**EXERCISE DETAILS**
In the listing that follows, the lines starting at the one containing "cball c r \<inter>" and ending at the one containing "< 1/2 \<longleftrightarrow>" are to be returned exactly, both boundary lines included, and no others.

========

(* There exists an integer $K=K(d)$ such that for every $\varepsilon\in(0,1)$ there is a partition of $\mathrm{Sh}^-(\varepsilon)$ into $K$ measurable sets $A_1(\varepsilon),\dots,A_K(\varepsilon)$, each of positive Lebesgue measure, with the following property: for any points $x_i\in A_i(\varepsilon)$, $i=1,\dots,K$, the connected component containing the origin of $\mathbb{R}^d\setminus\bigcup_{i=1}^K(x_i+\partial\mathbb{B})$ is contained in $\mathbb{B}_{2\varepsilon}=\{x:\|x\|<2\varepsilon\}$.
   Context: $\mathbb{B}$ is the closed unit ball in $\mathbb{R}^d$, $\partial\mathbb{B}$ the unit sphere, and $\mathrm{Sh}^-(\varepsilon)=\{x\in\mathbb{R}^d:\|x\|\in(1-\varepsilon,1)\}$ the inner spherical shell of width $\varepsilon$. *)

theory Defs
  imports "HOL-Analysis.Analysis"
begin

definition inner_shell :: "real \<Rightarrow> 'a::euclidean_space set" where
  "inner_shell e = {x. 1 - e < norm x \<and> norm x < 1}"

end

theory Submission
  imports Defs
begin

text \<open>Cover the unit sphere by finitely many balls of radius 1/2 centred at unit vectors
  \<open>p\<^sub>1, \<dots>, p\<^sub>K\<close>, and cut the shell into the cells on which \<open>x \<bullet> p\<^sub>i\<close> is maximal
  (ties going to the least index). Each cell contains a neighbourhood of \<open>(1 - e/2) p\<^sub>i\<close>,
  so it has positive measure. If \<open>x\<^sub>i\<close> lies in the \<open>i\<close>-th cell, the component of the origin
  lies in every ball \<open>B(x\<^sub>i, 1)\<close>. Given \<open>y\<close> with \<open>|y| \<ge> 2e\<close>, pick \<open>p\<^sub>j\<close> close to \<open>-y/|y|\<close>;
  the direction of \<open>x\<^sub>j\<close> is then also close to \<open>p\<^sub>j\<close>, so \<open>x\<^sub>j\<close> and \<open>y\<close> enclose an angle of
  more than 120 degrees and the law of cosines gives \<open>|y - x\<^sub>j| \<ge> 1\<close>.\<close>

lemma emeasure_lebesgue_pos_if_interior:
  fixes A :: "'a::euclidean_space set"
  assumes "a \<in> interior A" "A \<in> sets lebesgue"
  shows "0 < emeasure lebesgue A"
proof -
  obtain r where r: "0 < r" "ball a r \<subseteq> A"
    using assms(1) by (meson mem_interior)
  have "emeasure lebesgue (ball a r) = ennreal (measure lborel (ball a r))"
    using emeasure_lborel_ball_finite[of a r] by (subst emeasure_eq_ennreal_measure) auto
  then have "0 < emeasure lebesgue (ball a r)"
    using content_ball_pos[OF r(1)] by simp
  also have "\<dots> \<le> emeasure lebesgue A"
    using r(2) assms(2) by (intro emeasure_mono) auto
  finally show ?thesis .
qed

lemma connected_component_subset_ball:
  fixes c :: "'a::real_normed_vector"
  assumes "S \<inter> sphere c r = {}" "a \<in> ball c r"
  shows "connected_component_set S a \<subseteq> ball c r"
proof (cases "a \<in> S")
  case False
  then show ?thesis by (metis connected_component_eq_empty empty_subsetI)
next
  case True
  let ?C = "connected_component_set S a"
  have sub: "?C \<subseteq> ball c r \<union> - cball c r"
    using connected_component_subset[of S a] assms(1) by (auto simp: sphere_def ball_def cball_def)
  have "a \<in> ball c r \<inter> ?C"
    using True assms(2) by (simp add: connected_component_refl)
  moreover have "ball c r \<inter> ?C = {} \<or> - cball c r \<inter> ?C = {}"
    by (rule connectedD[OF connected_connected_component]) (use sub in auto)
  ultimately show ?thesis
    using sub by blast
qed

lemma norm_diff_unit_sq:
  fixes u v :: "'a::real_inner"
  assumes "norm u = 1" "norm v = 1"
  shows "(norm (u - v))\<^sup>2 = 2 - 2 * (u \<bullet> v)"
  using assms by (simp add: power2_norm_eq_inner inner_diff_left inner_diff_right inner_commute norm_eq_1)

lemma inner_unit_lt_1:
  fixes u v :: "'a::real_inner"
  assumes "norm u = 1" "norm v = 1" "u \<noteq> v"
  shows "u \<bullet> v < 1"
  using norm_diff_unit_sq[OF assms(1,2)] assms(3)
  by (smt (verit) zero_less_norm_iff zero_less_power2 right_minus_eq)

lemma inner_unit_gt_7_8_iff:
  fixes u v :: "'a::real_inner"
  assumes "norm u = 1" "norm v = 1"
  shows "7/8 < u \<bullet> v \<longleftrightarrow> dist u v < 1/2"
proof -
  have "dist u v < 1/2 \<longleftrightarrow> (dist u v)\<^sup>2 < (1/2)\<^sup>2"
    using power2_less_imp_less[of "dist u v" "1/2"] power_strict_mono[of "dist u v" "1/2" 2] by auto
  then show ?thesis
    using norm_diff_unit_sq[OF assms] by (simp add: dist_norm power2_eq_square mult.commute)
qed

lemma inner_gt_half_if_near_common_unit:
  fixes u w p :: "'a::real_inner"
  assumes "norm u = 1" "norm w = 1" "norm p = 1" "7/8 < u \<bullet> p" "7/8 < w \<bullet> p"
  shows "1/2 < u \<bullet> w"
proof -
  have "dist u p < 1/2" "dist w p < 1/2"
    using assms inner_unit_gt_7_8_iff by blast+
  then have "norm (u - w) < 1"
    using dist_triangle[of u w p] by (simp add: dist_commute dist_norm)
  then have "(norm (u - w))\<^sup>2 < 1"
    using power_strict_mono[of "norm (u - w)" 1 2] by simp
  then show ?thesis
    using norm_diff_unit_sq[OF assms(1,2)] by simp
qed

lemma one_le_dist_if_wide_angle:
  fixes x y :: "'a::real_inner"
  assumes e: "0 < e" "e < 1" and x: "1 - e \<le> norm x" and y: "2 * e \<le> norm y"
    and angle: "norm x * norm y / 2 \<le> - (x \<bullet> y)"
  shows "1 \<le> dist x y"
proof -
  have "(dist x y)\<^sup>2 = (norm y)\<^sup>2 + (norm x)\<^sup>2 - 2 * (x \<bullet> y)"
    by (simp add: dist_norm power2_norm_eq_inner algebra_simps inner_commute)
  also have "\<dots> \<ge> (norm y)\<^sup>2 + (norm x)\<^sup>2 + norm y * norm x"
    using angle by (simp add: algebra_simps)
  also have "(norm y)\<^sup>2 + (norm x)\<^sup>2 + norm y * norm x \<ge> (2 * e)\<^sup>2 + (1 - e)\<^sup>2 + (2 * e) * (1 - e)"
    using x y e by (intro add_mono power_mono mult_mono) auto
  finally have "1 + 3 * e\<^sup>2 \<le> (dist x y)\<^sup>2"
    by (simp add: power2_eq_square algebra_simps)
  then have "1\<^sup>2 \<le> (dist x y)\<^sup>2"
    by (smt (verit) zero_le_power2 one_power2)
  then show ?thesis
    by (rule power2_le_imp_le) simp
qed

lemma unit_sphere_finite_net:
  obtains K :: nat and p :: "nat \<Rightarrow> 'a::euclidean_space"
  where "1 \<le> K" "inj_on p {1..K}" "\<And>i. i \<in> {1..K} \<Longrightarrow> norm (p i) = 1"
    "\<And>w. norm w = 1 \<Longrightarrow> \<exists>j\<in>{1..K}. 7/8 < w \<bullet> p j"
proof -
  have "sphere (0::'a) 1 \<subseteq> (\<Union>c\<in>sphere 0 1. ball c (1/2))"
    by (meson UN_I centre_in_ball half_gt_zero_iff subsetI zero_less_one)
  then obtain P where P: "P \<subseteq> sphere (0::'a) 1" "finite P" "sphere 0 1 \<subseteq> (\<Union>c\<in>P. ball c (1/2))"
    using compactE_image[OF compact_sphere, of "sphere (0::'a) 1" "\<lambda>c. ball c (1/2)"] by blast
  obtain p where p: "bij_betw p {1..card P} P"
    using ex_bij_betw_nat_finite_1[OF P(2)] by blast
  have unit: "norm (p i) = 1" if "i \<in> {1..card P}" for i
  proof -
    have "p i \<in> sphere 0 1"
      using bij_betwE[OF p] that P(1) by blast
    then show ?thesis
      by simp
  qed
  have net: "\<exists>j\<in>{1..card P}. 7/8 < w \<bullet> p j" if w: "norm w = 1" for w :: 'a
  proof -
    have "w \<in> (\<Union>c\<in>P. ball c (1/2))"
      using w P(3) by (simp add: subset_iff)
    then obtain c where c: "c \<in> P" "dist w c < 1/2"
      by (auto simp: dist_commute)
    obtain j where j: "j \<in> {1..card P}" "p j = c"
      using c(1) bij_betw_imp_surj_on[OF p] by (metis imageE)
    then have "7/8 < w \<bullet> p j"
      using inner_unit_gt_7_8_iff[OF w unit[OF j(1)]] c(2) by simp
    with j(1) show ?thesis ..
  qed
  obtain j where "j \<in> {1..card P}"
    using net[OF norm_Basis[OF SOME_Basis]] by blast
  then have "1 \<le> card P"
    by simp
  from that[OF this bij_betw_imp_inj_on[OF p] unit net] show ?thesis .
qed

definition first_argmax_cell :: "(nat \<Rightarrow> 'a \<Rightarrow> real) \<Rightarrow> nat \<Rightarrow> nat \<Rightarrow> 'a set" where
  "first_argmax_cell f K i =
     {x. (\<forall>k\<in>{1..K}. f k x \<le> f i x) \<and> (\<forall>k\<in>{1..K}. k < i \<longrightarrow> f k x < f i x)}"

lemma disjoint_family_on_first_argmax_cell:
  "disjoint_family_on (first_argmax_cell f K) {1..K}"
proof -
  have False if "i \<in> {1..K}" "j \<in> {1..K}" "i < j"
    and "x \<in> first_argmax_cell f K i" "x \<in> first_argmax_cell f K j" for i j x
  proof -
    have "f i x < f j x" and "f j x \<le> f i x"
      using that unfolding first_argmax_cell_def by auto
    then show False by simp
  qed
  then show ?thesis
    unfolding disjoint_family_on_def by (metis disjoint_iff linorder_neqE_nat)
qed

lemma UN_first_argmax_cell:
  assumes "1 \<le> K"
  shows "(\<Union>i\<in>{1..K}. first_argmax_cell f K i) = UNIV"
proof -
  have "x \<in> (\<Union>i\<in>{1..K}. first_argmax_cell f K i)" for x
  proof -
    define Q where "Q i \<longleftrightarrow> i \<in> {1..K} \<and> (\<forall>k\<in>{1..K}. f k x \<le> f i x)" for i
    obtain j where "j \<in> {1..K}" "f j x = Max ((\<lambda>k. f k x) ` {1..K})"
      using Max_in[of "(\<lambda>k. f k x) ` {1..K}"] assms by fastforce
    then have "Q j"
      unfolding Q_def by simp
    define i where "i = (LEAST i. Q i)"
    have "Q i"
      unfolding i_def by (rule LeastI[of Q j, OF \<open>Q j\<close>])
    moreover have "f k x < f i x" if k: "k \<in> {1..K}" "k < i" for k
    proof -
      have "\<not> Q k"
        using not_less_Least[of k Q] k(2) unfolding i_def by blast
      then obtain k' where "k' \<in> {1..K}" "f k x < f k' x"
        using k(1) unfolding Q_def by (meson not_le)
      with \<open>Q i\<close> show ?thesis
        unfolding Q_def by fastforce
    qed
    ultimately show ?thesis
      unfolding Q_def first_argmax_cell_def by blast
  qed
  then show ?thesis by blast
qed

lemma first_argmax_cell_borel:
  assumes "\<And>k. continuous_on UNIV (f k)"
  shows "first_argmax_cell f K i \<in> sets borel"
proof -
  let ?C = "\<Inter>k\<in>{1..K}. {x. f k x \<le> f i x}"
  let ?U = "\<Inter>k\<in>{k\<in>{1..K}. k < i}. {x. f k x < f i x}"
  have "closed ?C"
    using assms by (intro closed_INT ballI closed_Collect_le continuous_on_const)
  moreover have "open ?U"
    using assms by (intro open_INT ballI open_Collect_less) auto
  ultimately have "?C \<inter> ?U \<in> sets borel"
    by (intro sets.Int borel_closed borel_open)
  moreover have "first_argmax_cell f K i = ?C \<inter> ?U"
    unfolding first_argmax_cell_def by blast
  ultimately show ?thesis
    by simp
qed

========

**ANSWER TO THIS PROBLEM**
  moreover have "ball c r \<inter> ?C = {} \<or> - cball c r \<inter> ?C = {}"
    by (rule connectedD[OF connected_connected_component]) (use sub in auto)
  ultimately show ?thesis
    using sub by blast
qed

lemma norm_diff_unit_sq:
  fixes u v :: "'a::real_inner"
  assumes "norm u = 1" "norm v = 1"
  shows "(norm (u - v))\<^sup>2 = 2 - 2 * (u \<bullet> v)"
  using assms by (simp add: power2_norm_eq_inner inner_diff_left inner_diff_right inner_commute norm_eq_1)

lemma inner_unit_lt_1:
  fixes u v :: "'a::real_inner"
  assumes "norm u = 1" "norm v = 1" "u \<noteq> v"
  shows "u \<bullet> v < 1"
  using norm_diff_unit_sq[OF assms(1,2)] assms(3)
  by (smt (verit) zero_less_norm_iff zero_less_power2 right_minus_eq)

lemma inner_unit_gt_7_8_iff:
  fixes u v :: "'a::real_inner"
  assumes "norm u = 1" "norm v = 1"
  shows "7/8 < u \<bullet> v \<longleftrightarrow> dist u v < 1/2"
proof -
  have "dist u v < 1/2 \<longleftrightarrow> (dist u v)\<^sup>2 < (1/2)\<^sup>2"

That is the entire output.